• _SUPPLIED MATERIAL_:

(* Let $0\ne f\in F(\mathfrak B)$ belong to an irreducible $GL$-submodule isomorphic to $W(\lambda_1,\lambda_2)$. Then for every partition $\mu=(\mu_1,\mu_2)$ with $\mu_2\ge\lambda_1$ and every admissible $j$ (i.e. $0\le j\le\mu_1-\mu_2$), the identity $w^{(j)}_\mu=0$ is a consequence of $f=0$, i.e. $w^{(j)}_\mu$ lies in the T-ideal of $F(\mathfrak B)$ generated by $f$. In particular $(y_1z_2-y_2z_1)^{\lambda_1}$ lies in this T-ideal.
   Context: $K$ is a field of characteristic $0$. $\mathfrak B$ is the variety of bicommutative algebras (identities $(x_1x_2)x_3=(x_1x_3)x_2$, $x_1(x_2x_3)=x_2(x_1x_3)$), with free algebra $F(\mathfrak B)$ on $x_1,x_2,\dots$; a T-ideal is a two-sided ideal closed under all algebra endomorphisms. The general linear groups act on $F_d(\mathfrak B)$ by extending the natural linear action on $\mathrm{span}(x_1,\dots,x_d)$ to automorphisms; $W(\lambda)$ is the irreducible polynomial module indexed by the partition $\lambda$. Model: with $K[Y,Z]$ the commutative polynomial ring in $y_1,y_2,\dots,z_1,z_2,\dots$, the algebra $G$ has basis $\{x_i\}\cup\{Y^\alpha Z^\beta:|\alpha|,|\beta|>0\}$ and multiplication $x_ix_j=y_iz_j$, $x_i\cdot(Y^\alpha Z^\beta)=y_iY^\alpha Z^\beta$, $(Y^\alpha Z^\beta)\cdot x_j=Y^\alpha Z^\beta z_j$, $(Y^\alpha Z^\beta)(Y^\gamma Z^\delta)=Y^{\alpha+\gamma}Z^{\beta+\delta}$; it is known that $x_i\mapsto x_i$ gives an isomorphism $F(\mathfrak B)\cong G$, so elements of $F(\mathfrak B)^2$ are written as polynomials in the $y_i,z_i$ (positive degree in both sets). For $\mu=(\mu_1,\mu_2)$ with $\mu_2>0$, $w^{(j)}_\mu=y_1^j(y_1z_2-y_2z_1)^{\mu_2}z_1^{\mu_1-\mu_2-j}$, $0\le j\le\mu_1-\mu_2$. *)

theory Defs
  imports "HOL-Library.Poly_Mapping"
begin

• _TO DO_:
Complete, exact output of the records is expected.

• _SOLVED PROBLEM_:
(* Let $0\ne f\in F(\mathfrak B)$ belong to an irreducible $GL$-submodule isomorphic to $W(\lambda_1,\lambda_2)$. Then for every partition $\mu=(\mu_1,\mu_2)$ with $\mu_2\ge\lambda_1$ and every admissible $j$ (i.e. $0\le j\le\mu_1-\mu_2$), the identity $w^{(j)}_\mu=0$ is a consequence of $f=0$, i.e. $w^{(j)}_\mu$ lies in the T-ideal of $F(\mathfrak B)$ generated by $f$. In particular $(y_1z_2-y_2z_1)^{\lambda_1}$ lies in this T-ideal.
   Context: $K$ is a field of characteristic $0$. $\mathfrak B$ is the variety of bicommutative algebras (identities $(x_1x_2)x_3=(x_1x_3)x_2$, $x_1(x_2x_3)=x_2(x_1x_3)$), with free algebra $F(\mathfrak B)$ on $x_1,x_2,\dots$; a T-ideal is a two-sided ideal closed under all algebra endomorphisms. The general linear groups act on $F_d(\mathfrak B)$ by extending the natural linear action on $\mathrm{span}(x_1,\dots,x_d)$ to automorphisms; $W(\lambda)$ is the irreducible polynomial module indexed by the partition $\lambda$. Model: with $K[Y,Z]$ the commutative polynomial ring in $y_1,y_2,\dots,z_1,z_2,\dots$, the algebra $G$ has basis $\{x_i\}\cup\{Y^\alpha Z^\beta:|\alpha|,|\beta|>0\}$ and multiplication $x_ix_j=y_iz_j$, $x_i\cdot(Y^\alpha Z^\beta)=y_iY^\alpha Z^\beta$, $(Y^\alpha Z^\beta)\cdot x_j=Y^\alpha Z^\beta z_j$, $(Y^\alpha Z^\beta)(Y^\gamma Z^\delta)=Y^{\alpha+\gamma}Z^{\beta+\delta}$; it is known that $x_i\mapsto x_i$ gives an isomorphism $F(\mathfrak B)\cong G$, so elements of $F(\mathfrak B)^2$ are written as polynomials in the $y_i,z_i$ (positive degree in both sets). For $\mu=(\mu_1,\mu_2)$ with $\mu_2>0$, $w^{(j)}_\mu=y_1^j(y_1z_2-y_2z_1)^{\mu_2}z_1^{\mu_1-\mu_2-j}$, $0\le j\le\mu_1-\mu_2$. *)

theory Defs
  imports "HOL-Library.Poly_Mapping"
begin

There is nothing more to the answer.